**** Task input

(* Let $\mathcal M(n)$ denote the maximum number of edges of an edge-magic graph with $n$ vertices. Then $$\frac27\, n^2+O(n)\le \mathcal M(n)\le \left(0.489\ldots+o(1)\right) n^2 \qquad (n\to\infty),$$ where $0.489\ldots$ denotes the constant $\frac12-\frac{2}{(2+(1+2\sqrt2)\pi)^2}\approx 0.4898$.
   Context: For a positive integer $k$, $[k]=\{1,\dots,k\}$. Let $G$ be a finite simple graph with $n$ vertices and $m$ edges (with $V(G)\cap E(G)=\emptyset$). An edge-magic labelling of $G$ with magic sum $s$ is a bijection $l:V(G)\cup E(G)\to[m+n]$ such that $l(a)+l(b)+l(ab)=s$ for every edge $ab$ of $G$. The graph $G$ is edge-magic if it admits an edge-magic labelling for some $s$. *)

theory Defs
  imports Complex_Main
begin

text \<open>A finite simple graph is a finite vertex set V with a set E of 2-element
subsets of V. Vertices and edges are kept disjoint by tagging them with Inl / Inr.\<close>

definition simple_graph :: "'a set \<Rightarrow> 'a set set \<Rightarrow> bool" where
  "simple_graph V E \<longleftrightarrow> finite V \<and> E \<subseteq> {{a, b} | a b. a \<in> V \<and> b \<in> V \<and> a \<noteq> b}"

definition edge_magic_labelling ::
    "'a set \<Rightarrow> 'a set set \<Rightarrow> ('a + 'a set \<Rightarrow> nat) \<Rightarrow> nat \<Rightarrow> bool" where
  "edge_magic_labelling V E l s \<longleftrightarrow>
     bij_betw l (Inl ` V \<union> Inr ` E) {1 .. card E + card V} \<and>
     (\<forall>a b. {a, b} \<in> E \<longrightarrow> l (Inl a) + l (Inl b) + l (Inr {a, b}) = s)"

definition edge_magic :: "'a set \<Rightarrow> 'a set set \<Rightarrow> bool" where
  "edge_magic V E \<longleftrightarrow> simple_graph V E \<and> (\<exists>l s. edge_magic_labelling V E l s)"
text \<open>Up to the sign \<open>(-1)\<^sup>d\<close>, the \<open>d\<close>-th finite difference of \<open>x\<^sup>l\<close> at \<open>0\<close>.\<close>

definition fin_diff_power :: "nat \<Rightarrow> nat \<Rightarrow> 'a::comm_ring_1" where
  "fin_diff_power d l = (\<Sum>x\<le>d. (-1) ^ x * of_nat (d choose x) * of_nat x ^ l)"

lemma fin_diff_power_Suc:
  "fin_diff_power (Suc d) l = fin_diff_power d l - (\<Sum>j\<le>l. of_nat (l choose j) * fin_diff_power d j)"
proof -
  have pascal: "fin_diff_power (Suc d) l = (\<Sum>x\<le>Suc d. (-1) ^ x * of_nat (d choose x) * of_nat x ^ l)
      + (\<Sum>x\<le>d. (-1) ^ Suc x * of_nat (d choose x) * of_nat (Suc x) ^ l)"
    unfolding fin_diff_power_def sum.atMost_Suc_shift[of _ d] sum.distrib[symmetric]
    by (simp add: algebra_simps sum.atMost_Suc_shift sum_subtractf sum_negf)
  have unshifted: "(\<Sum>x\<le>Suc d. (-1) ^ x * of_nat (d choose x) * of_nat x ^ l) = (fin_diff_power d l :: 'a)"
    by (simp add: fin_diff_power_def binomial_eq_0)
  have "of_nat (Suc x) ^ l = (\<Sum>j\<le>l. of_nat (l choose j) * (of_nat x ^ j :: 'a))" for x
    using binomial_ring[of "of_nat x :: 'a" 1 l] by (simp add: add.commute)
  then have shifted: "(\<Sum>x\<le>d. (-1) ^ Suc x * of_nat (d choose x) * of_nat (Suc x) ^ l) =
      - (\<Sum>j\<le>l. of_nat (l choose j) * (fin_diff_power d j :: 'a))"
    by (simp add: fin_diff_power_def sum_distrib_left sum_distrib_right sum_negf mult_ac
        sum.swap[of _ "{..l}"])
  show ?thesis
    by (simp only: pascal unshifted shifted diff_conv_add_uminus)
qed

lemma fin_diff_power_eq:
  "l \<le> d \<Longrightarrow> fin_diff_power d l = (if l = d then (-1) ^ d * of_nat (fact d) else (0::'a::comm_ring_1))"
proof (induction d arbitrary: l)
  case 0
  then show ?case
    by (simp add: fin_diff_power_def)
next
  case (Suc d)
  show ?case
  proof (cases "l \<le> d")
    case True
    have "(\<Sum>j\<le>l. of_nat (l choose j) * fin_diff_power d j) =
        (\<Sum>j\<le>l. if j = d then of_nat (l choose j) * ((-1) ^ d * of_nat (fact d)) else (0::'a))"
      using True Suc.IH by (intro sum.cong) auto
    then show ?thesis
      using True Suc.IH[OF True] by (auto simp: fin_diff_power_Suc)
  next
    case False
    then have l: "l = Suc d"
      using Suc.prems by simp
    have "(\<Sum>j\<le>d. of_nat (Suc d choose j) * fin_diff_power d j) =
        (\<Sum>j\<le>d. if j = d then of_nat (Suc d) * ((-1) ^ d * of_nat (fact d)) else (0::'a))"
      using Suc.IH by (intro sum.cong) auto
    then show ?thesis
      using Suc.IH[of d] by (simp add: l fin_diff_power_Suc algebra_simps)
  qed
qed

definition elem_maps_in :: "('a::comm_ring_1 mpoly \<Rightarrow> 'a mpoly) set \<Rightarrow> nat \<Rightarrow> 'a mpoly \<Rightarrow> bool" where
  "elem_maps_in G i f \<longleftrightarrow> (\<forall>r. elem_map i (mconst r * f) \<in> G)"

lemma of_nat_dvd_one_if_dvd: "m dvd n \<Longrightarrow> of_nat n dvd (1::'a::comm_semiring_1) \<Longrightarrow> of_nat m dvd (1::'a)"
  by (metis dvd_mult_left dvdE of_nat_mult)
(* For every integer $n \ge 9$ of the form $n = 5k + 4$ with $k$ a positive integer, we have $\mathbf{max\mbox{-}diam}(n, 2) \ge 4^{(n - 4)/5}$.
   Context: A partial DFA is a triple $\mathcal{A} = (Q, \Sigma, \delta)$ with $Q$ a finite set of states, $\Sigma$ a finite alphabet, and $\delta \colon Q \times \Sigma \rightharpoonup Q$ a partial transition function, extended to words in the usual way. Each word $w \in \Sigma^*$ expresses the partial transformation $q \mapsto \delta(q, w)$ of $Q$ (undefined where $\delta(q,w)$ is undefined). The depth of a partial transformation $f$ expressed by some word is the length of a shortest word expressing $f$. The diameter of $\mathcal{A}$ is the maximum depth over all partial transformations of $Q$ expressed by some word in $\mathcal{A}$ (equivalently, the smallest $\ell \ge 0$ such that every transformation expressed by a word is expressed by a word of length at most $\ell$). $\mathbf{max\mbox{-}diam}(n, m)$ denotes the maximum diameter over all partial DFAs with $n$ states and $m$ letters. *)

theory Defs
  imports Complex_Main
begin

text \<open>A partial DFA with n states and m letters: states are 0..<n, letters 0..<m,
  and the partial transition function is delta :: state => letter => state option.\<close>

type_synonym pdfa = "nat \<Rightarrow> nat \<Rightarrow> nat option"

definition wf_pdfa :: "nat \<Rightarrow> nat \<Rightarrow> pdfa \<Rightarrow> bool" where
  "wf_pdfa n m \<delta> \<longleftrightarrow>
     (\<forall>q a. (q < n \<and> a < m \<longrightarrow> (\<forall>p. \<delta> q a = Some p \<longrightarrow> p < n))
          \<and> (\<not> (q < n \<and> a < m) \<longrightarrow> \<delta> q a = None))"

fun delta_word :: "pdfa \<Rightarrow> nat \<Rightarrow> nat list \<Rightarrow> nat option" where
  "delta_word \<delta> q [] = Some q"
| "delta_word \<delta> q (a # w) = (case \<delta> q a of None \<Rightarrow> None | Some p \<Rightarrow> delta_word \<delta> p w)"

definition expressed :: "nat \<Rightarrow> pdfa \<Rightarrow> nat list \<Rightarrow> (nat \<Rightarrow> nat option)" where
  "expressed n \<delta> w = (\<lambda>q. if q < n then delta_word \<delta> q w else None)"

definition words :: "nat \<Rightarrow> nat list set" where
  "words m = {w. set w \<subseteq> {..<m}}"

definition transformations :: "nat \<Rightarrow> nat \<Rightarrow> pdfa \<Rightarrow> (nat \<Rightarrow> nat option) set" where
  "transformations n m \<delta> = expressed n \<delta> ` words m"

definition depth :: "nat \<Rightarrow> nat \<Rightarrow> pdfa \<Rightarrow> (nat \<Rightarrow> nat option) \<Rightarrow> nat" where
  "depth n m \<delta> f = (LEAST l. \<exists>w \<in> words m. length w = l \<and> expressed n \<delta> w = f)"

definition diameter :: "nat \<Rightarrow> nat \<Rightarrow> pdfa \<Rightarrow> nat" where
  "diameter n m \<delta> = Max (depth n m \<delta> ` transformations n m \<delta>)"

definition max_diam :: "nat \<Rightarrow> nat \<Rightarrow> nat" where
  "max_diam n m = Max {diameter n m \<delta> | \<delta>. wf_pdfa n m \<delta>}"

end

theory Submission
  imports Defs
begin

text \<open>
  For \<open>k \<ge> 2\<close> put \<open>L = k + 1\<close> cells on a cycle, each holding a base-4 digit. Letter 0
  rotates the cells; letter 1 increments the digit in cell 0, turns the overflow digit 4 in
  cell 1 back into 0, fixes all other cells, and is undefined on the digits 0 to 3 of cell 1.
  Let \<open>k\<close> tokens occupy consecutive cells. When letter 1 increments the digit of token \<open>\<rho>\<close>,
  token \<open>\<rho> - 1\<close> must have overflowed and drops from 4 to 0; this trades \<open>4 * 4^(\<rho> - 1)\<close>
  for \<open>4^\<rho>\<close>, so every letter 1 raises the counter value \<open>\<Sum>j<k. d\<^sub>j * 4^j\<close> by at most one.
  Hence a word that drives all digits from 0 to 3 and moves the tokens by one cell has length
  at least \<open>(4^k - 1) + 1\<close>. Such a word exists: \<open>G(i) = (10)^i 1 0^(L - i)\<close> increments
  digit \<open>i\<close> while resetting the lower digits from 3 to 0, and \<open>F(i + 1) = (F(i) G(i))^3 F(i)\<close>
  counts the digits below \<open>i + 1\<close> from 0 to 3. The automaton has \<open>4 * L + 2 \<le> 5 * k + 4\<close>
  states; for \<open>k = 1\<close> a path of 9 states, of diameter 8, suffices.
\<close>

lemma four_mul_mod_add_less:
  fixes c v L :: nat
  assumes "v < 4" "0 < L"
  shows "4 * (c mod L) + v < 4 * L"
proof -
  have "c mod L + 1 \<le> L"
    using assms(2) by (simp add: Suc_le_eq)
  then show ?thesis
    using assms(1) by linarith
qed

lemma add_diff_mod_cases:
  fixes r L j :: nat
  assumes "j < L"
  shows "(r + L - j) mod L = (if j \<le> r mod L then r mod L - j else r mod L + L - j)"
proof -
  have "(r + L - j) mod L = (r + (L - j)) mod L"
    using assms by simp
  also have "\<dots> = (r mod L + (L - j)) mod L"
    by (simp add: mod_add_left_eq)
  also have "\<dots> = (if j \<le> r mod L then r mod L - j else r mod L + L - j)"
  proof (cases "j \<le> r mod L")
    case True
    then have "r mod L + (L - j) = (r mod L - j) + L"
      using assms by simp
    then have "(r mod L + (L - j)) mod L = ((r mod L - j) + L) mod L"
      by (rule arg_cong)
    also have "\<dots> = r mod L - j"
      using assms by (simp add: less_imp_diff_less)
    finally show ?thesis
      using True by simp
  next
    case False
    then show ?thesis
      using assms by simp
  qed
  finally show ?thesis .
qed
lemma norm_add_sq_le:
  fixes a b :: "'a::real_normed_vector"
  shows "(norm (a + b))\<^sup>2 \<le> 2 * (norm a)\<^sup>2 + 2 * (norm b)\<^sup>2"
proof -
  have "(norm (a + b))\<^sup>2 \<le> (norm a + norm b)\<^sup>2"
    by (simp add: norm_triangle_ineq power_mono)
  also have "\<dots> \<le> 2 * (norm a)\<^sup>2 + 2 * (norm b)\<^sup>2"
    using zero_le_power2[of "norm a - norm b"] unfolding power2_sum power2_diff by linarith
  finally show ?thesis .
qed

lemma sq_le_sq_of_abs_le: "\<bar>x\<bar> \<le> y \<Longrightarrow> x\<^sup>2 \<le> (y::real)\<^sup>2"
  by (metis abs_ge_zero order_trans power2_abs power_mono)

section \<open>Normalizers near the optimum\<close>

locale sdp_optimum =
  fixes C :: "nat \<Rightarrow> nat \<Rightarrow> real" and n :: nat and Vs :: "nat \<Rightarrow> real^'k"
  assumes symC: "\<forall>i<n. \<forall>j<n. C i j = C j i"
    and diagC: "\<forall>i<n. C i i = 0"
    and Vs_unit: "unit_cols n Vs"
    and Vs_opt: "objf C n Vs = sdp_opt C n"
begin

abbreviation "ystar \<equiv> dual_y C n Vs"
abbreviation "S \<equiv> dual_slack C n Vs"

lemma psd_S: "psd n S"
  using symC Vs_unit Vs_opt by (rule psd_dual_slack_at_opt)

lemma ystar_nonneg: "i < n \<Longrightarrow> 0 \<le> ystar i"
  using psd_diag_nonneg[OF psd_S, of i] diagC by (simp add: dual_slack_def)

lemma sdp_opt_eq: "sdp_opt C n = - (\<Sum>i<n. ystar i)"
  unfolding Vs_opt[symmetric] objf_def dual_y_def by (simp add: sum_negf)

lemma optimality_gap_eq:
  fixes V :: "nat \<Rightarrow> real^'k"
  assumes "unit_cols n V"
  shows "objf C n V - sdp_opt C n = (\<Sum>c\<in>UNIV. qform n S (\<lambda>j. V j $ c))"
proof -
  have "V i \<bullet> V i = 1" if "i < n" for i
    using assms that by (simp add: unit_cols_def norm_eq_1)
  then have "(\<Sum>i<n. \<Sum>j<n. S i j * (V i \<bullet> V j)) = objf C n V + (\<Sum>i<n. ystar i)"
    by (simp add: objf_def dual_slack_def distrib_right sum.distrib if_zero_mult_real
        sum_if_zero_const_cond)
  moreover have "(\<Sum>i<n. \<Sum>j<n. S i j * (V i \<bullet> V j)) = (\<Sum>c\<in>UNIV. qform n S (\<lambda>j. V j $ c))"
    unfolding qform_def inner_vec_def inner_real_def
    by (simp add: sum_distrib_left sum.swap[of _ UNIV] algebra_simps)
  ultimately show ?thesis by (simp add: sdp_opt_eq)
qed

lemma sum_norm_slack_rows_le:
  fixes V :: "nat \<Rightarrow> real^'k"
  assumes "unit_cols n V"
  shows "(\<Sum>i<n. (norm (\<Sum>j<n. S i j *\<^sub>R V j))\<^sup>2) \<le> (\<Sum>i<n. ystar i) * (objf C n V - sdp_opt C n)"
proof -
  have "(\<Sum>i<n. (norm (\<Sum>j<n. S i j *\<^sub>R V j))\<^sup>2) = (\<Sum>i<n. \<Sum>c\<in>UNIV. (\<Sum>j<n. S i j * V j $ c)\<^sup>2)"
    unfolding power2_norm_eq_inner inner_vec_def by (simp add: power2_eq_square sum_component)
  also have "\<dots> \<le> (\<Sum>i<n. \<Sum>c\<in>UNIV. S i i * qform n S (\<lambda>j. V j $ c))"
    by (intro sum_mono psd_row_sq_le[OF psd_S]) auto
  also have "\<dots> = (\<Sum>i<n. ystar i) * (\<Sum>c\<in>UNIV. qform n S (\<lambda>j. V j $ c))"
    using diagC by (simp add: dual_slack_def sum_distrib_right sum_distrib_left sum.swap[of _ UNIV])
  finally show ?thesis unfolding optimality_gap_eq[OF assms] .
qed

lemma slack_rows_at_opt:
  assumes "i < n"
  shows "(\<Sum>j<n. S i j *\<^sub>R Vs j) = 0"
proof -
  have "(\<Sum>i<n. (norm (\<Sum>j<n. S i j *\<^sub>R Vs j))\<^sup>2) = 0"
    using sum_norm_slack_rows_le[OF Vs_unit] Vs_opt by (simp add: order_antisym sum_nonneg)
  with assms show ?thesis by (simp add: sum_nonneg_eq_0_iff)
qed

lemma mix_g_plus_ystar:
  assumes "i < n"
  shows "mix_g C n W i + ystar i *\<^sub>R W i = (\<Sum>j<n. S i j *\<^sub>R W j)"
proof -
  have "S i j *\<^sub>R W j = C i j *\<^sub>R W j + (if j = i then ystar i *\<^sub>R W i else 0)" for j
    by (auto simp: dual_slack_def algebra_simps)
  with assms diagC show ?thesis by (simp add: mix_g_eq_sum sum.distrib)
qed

********

» Instructions for the task: Set apart and copy each line of the records that holds the word "subseteq".

» Expected answer:
  "simple_graph V E \<longleftrightarrow> finite V \<and> E \<subseteq> {{a, b} | a b. a \<in> V \<and> b \<in> V \<and> a \<noteq> b}"
  "words m = {w. set w \<subseteq> {..<m}}"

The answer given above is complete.